* Directions for this task *
Check every line of the entries that follow, and copy the ones containing "open".

Collected data
lemma zomega_eq_iff:
  "zomega a0 a1 a2 a3 = zomega b0 b1 b2 b3 \<longleftrightarrow> a0 = b0 \<and> a1 = b1 \<and> a2 = b2 \<and> a3 = b3"
  by (auto simp: zomega_eq_Complex zsqrt2_eq_iff)

lemma zomega_bullet_zomega: "zomega_bullet (zomega a0 a1 a2 a3) = zomega a0 (- a1) a2 (- a3)"
  unfolding zomega_bullet_def by (rule the_equality) (auto simp: zomega_eq_iff)

lemma Complex_zsqrt2_eq_zomega: "Complex (zsqrt2 a b) (zsqrt2 c d) = zomega a (b + d) c (d - b)"
  by (simp add: zomega_eq_Complex zsqrt2_def)

lemma zomega_bullet_Complex_zsqrt2:
  "zomega_bullet (Complex (zsqrt2 a b) (zsqrt2 c d)) = Complex (zsqrt2 a (- b)) (zsqrt2 c (- d))"
  by (simp add: Complex_zsqrt2_eq_zomega zomega_bullet_zomega)

lemma scale_set_cball: "c \<noteq> 0 \<Longrightarrow> scale_set c (cball p r) = cball (of_real c * p) (\<bar>c\<bar> * r)"
  using cball_scale[of c p r] by (simp add: scale_set_def scaleR_conv_of_real)

lemma mem_cball_if_Re_Im:
  assumes "Re z \<in> cball (Re p) (r / sqrt 2)" "Im z \<in> cball (Im p) (r / sqrt 2)"
  shows "z \<in> cball p r"
proof -
  have "0 \<le> r / sqrt 2"
    using assms(1) by (simp add: dist_real_def)
  then have "0 \<le> r"
    by (simp add: zero_le_divide_iff)
  then have "(Re p - Re z)^2 \<le> (r / sqrt 2)^2" "(Im p - Im z)^2 \<le> (r / sqrt 2)^2"
    using assms by (simp_all add: dist_real_def abs_le_square_iff[symmetric])
  then have "(dist p z)^2 \<le> r^2"
    by (simp add: dist_norm cmod_def power_divide)
  then show ?thesis
    unfolding mem_cball using \<open>0 \<le> r\<close> by (rule power2_le_imp_le)
qed

lemma scaled_grid_solution_ComplexI:
  assumes "cball p r \<subseteq> A" "cball q R \<subseteq> B"
    and "(a, b) \<in> grid_solutions (cball (sqrt 2 ^ k * Re p) (sqrt 2 ^ k * r / sqrt 2))
                                 (cball ((- sqrt 2) ^ k * Re q) (sqrt 2 ^ k * R / sqrt 2))"
    and "(c, d) \<in> grid_solutions (cball (sqrt 2 ^ k * Im p) (sqrt 2 ^ k * r / sqrt 2))
                                 (cball ((- sqrt 2) ^ k * Im q) (sqrt 2 ^ k * R / sqrt 2))"
  shows "scaled_grid_solution A B k (Complex (zsqrt2 a b) (zsqrt2 c d))"
proof -
  have scale_nonzero: "sqrt 2 ^ k \<noteq> 0" "(- sqrt 2) ^ k \<noteq> 0"
    by simp_all
  have "Complex (zsqrt2 a b) (zsqrt2 c d) \<in> scale_set (sqrt 2 ^ k) (cball p r)"
    unfolding scale_set_cball[OF scale_nonzero(1)]
    by (rule mem_cball_if_Re_Im) (use assms(3,4) in \<open>simp_all add: grid_solutions_def\<close>)
  with assms(1) have "Complex (zsqrt2 a b) (zsqrt2 c d) \<in> scale_set (sqrt 2 ^ k) A"
    unfolding scale_set_def by blast
  moreover have "Complex (zsqrt2 a (- b)) (zsqrt2 c (- d)) \<in> scale_set ((- sqrt 2) ^ k) (cball q R)"
    unfolding scale_set_cball[OF scale_nonzero(2)]
    by (rule mem_cball_if_Re_Im) (use assms(3,4) in \<open>simp_all add: grid_solutions_def power_abs\<close>)
  with assms(2) have "Complex (zsqrt2 a (- b)) (zsqrt2 c (- d)) \<in> scale_set ((- sqrt 2) ^ k) B"
    unfolding scale_set_def by blast
  moreover have "Complex (zsqrt2 a b) (zsqrt2 c d) \<in> ZOmega"
    unfolding Complex_zsqrt2_eq_zomega ZOmega_def by blast
  ultimately show ?thesis
    unfolding scaled_grid_solution_def zomega_bullet_Complex_zsqrt2 by blast
qed

lemma two_scaled_grid_solutions:
  assumes "cball p r \<subseteq> A" "cball q R \<subseteq> B"
    and "has_two_grid_solutions (sqrt 2 ^ k * r / sqrt 2) (sqrt 2 ^ k * R / sqrt 2)"
  shows "\<exists>u v. u \<noteq> v \<and> scaled_grid_solution A B k u \<and> scaled_grid_solution A B k v"
proof -
  let ?\<delta> = "sqrt 2 ^ k * r / sqrt 2" and ?\<Delta> = "sqrt 2 ^ k * R / sqrt 2"
  obtain s s' w where sol: "s \<noteq> s'"
    "s \<in> grid_solutions (cball (sqrt 2 ^ k * Re p) ?\<delta>) (cball ((- sqrt 2) ^ k * Re q) ?\<Delta>)"
    "s' \<in> grid_solutions (cball (sqrt 2 ^ k * Re p) ?\<delta>) (cball ((- sqrt 2) ^ k * Re q) ?\<Delta>)"
    "w \<in> grid_solutions (cball (sqrt 2 ^ k * Im p) ?\<delta>) (cball ((- sqrt 2) ^ k * Im q) ?\<Delta>)"
    using assms(3) unfolding has_two_grid_solutions_def by blast
  obtain a b a' b' c d where "s = (a, b)" "s' = (a', b')" "w = (c, d)"
    by (cases s; cases s'; cases w) blast
  with sol have "scaled_grid_solution A B k (Complex (zsqrt2 a b) (zsqrt2 c d))"
    "scaled_grid_solution A B k (Complex (zsqrt2 a' b') (zsqrt2 c d))"
    "Complex (zsqrt2 a b) (zsqrt2 c d) \<noteq> Complex (zsqrt2 a' b') (zsqrt2 c d)"
    using scaled_grid_solution_ComplexI[OF assms(1,2)] by (simp_all add: zsqrt2_eq_iff)
  then show ?thesis
    by blast
qed

theorem lemma5p57:
  fixes A B :: "complex set" and k :: nat and r R :: real
  assumes "convex A" and "convex B"
    and "r \<ge> 0" and "R \<ge> 0"
    and "\<exists>c. cball c r \<subseteq> A" and "\<exists>c. cball c R \<subseteq> B"
    and "r * R \<ge> (1 + sqrt 2) ^ 2 / 2 ^ k"
  shows "\<exists>u v. u \<noteq> v \<and> scaled_grid_solution A B k u \<and> scaled_grid_solution A B k v"
proof -
  obtain p q where disks: "cball p r \<subseteq> A" "cball q R \<subseteq> B"
    using assms(5,6) by blast
  have "0 < (1 + sqrt 2) ^ 2 / 2 ^ k"
    using add_pos_nonneg[of 1 "sqrt 2"] by simp
  then have "0 < r * R"
    using assms(7) by linarith
  then have "0 < r" "0 < R"
    using assms(3,4) by (auto simp: zero_less_mult_iff)
  moreover have "(1 + sqrt 2) ^ 2 \<le> 2 ^ k * (r * R)"
    using assms(7) by (simp add: divide_le_eq mult.commute)
  ultimately have "has_two_grid_solutions (sqrt 2 ^ k * r / sqrt 2) (sqrt 2 ^ k * R / sqrt 2)"
    by (intro has_two_grid_solutions_if_product_ge) (simp_all add: power_mult_distrib[symmetric] mult_ac)
  then show ?thesis
    using two_scaled_grid_solutions[OF disks] by blast
qed

end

* Exercise output *
    unfolding mem_cball using \<open>0 \<le> r\<close> by (rule power2_le_imp_le)
    by (rule mem_cball_if_Re_Im) (use assms(3,4) in \<open>simp_all add: grid_solutions_def\<close>)
    by (rule mem_cball_if_Re_Im) (use assms(3,4) in \<open>simp_all add: grid_solutions_def power_abs\<close>)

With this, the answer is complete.